SPACEX COULD BECOME THE BIGGEST EXIT LIQUIDITY EVENT IN MARKET HISTORY.



And the data backs it.

Most of the biggest IPOs of the last 15 years eventually crashed hard after listing.

• Robinhood: -90%
• Rivian: -88%
• Lyft: -79%
• Uber: -68%
• Palantir: -53%
• Coinbase: -57%
• Snap: -56%
• Twitter: -58%
• Facebook: -54%

The median max drawdown across major IPOs was around -54% within 1 year.

And these were not small companies.

Most of them were industry leaders, heavily hyped by media, backed by top institutions, and considered “must own” stocks before listing.

Now look at SpaceX.

The company is reportedly targeting a valuation of around $1.75-$2 TRILLION.

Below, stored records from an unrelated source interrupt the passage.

(* Let $s$ and $t$ be fixed positive integers. Then for sufficiently large $n$, $$R(\mathcal{SD}_{s,t},Q_n)\le n+\frac{(2+o(1))\,n}{\log n},$$ where $o(1)$ denotes a quantity tending to $0$ as $n\to\infty$ (for fixed $s,t$).
   Context: A poset $P_2$ is an (induced) subposet of $P_1$ if $P_2\subseteq P_1$ and for all $X,Y\in P_2$, $X\le_{P_2}Y$ iff $X\le_{P_1}Y$; a copy of a poset $P$ in $P_1$ is an induced subposet isomorphic to $P$. The Boolean lattice $Q_n$ is the poset of all subsets of an $n$-element set ordered by inclusion. A blue/red coloring of a poset is a map from its elements to $\{\text{blue},\text{red}\}$. For posets $P_1,P_2$, the poset Ramsey number $R(P_1,P_2)$ is the smallest integer $N$ such that every blue/red coloring of $Q_N$ contains a copy of $P_1$ all of whose elements are blue or a copy of $P_2$ all of whose elements are red. A chain $C_t$ is a totally ordered poset on $t$ elements. The $(s,t)$-subdivided diamond $\mathcal{SD}_{s,t}$ is the poset obtained from two disjoint chains of lengths $s$ and $t$, whose elements are pairwise incomparable across the two chains, by adding one element smaller than all others and one element larger than all others. $\log$ is base $2$. *)

theory Defs
  imports Complex_Main
begin

definition has_copy :: "'a set \<Rightarrow> ('a \<Rightarrow> 'a \<Rightarrow> bool) \<Rightarrow> 'b set \<Rightarrow> ('b \<Rightarrow> 'b \<Rightarrow> bool) \<Rightarrow> bool" where
  "has_copy A leA B leB \<longleftrightarrow>
     (\<exists>f. f ` A \<subseteq> B \<and> inj_on f A \<and> (\<forall>x\<in>A. \<forall>y\<in>A. leA x y \<longleftrightarrow> leB (f x) (f y)))"
lemma step1_ready:
  assumes "step1 n prog init g s = Some (g', l')" "local_ok s" "g_done g \<longrightarrow> idle n s"
    and "j < n" "snd (g_status g' j) = READY_TO_EXECUTE"
  shows "g_eidx g' \<le> j \<or> owns_ready l' j
    \<or> (snd (g_status g j) = READY_TO_EXECUTE \<and> \<not> g_eidx g \<le> j \<and> \<not> owns_ready s j)"
  using assms by (cases s) (auto simp: Let_def split: step1_splits)

lemma step1_executing:
  assumes "step1 n prog init g s = Some (g', l')" "g_done g \<longrightarrow> idle n s"
    and "j < n" "snd (g_status g' j) = EXECUTING"
  shows "owns_executing l' j \<or> (snd (g_status g j) = EXECUTING \<and> \<not> owns_executing s j)"
  using assms by (cases s) (auto simp: Let_def split: step1_splits)

lemma step1_aborting:
  assumes "step1 n prog init g s = Some (g', l')" "local_ok s" "g_done g \<longrightarrow> idle n s"
    and "\<forall>b. finite (g_deps g b)" "j < n" "snd (g_status g' j) = ABORTING"
  shows "owns_aborting (g_deps g') l' j
    \<or> (\<exists>b<j. j \<in> g_deps g' b \<and> snd (g_status g' b) \<noteq> EXECUTED)
    \<or> (snd (g_status g j) = ABORTING \<and> \<not> owns_aborting (g_deps g) s j)"
  using assms by (cases s) (auto simp: Let_def split: step1_splits)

That would instantly make it one of the largest companies in the world.

At the same time:
• Retail demand is extremely high
• The IPO float may stay very small
• And early investors are sitting on massive gains from private rounds.

This is the exact setup where IPO prices can disconnect from fundamentals very quickly.

History shows retail investors usually enter during peak excitement while early investors slowly get liquidity after listing.

Facebook became a great business long term. Still, its stock max drawdown within a year was 54%.

Coinbase became one of the largest crypto companies in the world. Still, its stock max drawdown within a year was 57%.

A successful company does not always mean it'll go up only after IPO.

That is the part retail investors usually ignore during highly hyped listings and become the exit liquidity.